Постучался. Ответа не последовало. Отворил сам. Тут было что-то вроде прихожей, обставленной дорогой индийской мебелью. Две двери вели куда-то дальше. Постучался наугад.

Изнутри отозвались:

— Войдите!

Голос Кисча, который Лэх хорошо знал по присланным пленкам.

Лэх вошел. За кабинетным столом в высоком кресле сидел Сетера Кисч и что-то писал.

У него было две головы.

Мгновение они смотрели друг на друга, потрясенные. Лэх — в два глаза, Кисч — в четыре. Затем Кисч с легким криком вскочил, щелкнул на стене выключателем.
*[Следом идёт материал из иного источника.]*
lemma Max_dval_le_of_maxmin_fair:
  assumes f_mono: "\<forall>i j. 1 \<le> i \<longrightarrow> i \<le> j \<longrightarrow> j \<le> card U \<longrightarrow> f j \<le> f i"
    and fair: "maxmin_fair U S f g F" and D: "set_pmf D \<subseteq> S" and U: "U \<noteq> {}"
  shows "(MAX v\<in>U. dval f g F v) \<le> (MAX v\<in>U. dval f g D v)"
proof (rule ccontr)
  define L where "L = {v\<in>U. dval f g F v < (MAX u\<in>U. dval f g F u)}"
  have L: "L \<subseteq> U" unfolding L_def by auto
  assume less: "\<not> ?thesis"
  have F: "set_pmf F \<subseteq> S" using fair unfolding maxmin_fair_def by simp
  have "(\<Sum>v\<in>L. dval f g F v) < (\<Sum>v\<in>L. dval f g D v)"
    unfolding L_def using less by (intro sum_dval_gain_below_Max[OF F D U]) simp
  then obtain r0 r1 v0 where r0: "r0 \<in> set_pmf F" and r1: "r1 \<in> S"
    and weak: "\<forall>v\<in>L. f (r0 v) \<le> f (r1 v)" and v0: "v0 \<in> L" "f (r0 v0) < f (r1 v0)"
    using exists_improving_replacement[OF f_mono F D L] by blast
  define D' where "D' = map_pmf (\<lambda>r. if r = r0 then r1 else r) F"
  have D': "set_pmf D' \<subseteq> S" unfolding D'_def using F r1 by auto
  have D'_eq: "dval f g D' v = dval f g F v + pmf F r0 * (f (r1 v) - f (r0 v))" for v
    unfolding D'_def by (rule dval_map_pmf_replace[OF finite_set_pmf_feasible[OF F]])
  have pos: "0 < pmf F r0" using r0 by (simp add: pmf_positive)
  have "\<forall>u\<in>U. dval f g F u < dval f g D' u \<longrightarrow>
          (\<exists>y\<in>U. dval f g D' y < dval f g F y \<and> dval f g F y \<le> dval f g F u)"
    using fair D' unfolding maxmin_fair_def by blast
  moreover have "dval f g F v0 < dval f g D' v0" using D'_eq[of v0] v0(2) pos by simp
  ultimately obtain y where
    y: "y \<in> U" "dval f g D' y < dval f g F y" "dval f g F y \<le> dval f g F v0"
    using v0(1) L by blast
  then have "y \<in> L" using v0(1) unfolding L_def by auto
  then have "0 \<le> pmf F r0 * (f (r1 y) - f (r0 y))" using weak pos by simp
  then show False using y(2) D'_eq[of y] by linarith
qed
С минуту из темноты доносилась какая-то возня. Голос Кисча, прерывающийся, нетвердый, спросил:

— Кто вы? Что это вообще такое?

Лэх откашлялся, чувствуя, как пересохло вдруг горло.

— Лэх.

— Какой Лэх?

— Ты же мне писал. Твой школьный друг.

— Школьный друг… А-а-а…

Опять щелкнул выключатель. Кисч стоял посреди комнаты, бледный, с дрожащими губами. Поправлял прическу. Вторая, дополнительная, как будто бы помоложе, голова исчезла. Правда, свет в комнате был каким-то нереальным — повсюду мерцали зеркала, обмениваясь бликами.

— Кто тебя сюда пустил?

— Меня?

— Ну да!

— При мне было твое письмо. Они посмотрели на подпись. Проверили у меня рисунок пальцев. То есть отпечатки.

— А как ты вообще попал в этот город?

— Но ты же пригласил. Собственно, звал не один раз. Просто настаивал.

— О господи! — Кисч вздохнул. — Вот это номер. Я и представить себе не мог, что ты на самом деле приедешь. Даже не думал о таком.

— Зачем же ты звал тогда?

— Если тебе при случайной встрече сказали «Очень рад познакомиться», ты же не принимаешь этого буквально. Не думаешь, что человек, который раньше о тебе и слыхом не слыхал, действительно вне себя от восторга.

— Да, конечно. — Лэху уже было понятно, что его миссия окончится ничем.

— Ошибся.

— Ты бы еще спросил, зачем я вообще начал переписку. Посиди вот так под землей безвыходно почти полтора десятка лет, не только друга детства вспомнишь.

— Но ты писал, все время разные там коллоквиумы, съезды.

— Мало ли что я писал. Куда мне ехать в таком виде?

— В таком виде?.. Значит, у тебя все-таки… — Лэху даже неудобно было выговорить. — Значит, у тебя не одна голова?

— Не одна. Сейчас не видно, потому что специальное освещение… Потом ведь отсюда не выпускают, все засекречено. Случайность, что ты прорвался.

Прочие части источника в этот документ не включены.